DATA SECTION »
——————
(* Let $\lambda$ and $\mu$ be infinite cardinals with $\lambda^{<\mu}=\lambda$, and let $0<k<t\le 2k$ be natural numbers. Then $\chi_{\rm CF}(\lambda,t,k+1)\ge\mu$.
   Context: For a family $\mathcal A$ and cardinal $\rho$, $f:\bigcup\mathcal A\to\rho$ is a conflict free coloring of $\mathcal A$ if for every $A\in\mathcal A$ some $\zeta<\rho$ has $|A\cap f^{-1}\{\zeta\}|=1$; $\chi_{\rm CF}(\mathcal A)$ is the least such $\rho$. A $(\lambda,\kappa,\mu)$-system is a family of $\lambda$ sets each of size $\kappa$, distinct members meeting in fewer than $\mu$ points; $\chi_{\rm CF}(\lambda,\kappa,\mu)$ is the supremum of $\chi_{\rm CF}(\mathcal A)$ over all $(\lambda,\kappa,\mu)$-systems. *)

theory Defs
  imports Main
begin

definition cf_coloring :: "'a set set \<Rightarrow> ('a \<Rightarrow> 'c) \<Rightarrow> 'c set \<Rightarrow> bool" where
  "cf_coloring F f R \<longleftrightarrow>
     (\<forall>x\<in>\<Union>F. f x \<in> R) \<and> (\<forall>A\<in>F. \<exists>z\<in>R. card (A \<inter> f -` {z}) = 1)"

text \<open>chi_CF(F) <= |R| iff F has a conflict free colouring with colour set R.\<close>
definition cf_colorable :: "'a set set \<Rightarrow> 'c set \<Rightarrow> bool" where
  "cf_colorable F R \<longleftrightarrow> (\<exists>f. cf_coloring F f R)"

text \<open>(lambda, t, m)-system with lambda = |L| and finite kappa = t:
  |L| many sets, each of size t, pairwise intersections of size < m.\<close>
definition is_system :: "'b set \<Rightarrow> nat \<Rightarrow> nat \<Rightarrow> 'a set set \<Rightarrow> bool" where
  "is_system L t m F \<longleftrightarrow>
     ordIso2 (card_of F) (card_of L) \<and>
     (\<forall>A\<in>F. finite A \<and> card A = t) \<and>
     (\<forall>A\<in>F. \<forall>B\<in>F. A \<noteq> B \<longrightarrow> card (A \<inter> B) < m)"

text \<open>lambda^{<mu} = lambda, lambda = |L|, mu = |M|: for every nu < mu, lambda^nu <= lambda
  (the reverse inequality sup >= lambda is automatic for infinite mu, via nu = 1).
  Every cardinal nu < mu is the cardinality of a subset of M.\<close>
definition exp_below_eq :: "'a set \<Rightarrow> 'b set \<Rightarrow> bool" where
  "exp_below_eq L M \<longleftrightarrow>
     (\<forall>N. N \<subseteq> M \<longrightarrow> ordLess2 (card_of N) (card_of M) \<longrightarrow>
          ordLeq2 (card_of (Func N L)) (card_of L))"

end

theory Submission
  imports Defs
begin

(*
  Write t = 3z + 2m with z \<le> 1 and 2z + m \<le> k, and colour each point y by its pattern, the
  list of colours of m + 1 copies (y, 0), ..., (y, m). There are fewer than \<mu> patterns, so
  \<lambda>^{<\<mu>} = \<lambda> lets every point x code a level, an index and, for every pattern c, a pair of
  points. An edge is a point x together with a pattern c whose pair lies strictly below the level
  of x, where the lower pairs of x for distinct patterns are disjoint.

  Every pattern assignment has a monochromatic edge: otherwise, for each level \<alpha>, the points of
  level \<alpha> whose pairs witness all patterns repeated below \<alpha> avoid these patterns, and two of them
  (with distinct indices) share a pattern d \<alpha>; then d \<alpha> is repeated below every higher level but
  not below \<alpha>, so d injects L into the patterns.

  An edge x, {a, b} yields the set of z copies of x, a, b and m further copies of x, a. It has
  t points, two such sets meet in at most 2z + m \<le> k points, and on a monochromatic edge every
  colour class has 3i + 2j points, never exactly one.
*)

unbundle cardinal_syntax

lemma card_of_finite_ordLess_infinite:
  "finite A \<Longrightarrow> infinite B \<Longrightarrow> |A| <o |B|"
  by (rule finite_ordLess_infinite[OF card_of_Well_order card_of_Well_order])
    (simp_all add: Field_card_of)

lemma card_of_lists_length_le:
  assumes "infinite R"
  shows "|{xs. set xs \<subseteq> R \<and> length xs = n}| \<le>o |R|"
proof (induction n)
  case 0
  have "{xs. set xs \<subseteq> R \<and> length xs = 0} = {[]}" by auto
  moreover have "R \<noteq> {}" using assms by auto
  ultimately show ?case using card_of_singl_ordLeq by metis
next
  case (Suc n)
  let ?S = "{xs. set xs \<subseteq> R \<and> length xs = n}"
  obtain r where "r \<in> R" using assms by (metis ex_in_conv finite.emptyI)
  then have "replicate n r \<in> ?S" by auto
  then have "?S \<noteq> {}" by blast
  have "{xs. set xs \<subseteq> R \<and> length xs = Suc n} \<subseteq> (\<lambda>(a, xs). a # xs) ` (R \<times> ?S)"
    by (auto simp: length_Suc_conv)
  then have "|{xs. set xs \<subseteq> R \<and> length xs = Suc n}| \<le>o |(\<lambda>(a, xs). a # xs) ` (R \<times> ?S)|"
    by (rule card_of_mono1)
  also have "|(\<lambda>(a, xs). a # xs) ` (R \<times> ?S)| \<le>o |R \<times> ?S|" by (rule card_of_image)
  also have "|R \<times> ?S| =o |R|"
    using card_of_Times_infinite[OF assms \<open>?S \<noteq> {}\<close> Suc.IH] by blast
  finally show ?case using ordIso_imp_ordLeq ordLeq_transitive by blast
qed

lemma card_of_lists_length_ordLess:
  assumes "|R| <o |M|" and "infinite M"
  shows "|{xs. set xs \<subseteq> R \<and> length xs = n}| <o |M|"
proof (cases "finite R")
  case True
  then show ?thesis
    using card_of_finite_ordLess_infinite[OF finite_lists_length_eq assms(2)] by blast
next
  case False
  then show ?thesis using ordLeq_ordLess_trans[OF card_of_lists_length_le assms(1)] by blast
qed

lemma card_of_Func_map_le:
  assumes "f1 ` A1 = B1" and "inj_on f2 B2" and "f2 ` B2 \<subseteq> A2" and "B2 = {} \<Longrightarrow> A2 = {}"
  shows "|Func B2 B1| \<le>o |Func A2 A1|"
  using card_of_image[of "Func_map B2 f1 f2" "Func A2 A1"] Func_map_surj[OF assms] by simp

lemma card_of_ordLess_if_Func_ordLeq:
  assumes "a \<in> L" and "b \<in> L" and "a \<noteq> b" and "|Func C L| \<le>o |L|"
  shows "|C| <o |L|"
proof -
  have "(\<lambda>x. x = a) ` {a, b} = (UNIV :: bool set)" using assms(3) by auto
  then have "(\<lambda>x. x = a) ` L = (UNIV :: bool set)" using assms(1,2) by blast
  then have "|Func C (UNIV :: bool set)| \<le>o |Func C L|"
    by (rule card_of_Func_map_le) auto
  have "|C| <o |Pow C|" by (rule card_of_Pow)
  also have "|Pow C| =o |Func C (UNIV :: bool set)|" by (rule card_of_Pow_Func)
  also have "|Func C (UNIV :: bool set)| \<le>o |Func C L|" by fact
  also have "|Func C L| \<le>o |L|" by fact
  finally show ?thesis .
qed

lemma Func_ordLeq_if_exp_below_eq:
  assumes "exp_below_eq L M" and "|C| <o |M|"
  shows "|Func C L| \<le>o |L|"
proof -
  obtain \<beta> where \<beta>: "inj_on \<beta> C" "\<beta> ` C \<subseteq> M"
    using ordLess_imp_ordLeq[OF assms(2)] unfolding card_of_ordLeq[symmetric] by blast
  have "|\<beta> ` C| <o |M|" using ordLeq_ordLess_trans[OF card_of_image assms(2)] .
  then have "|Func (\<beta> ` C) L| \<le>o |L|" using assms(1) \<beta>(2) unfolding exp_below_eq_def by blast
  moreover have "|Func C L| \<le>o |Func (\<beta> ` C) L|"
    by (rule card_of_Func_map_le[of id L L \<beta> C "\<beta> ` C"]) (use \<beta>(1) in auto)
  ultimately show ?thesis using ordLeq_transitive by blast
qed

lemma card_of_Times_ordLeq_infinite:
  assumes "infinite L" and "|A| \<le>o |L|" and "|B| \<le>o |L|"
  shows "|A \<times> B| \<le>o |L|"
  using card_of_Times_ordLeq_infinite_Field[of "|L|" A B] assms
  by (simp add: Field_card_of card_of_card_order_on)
——————
REQUIREMENT » For every line of the records that has the word "obtain" in it, make a copy.

TASK RESPONSE »
  obtain r where "r \<in> R" using assms by (metis ex_in_conv finite.emptyI)
  obtain \<beta> where \<beta>: "inj_on \<beta> C" "\<beta> ` C \<subseteq> M"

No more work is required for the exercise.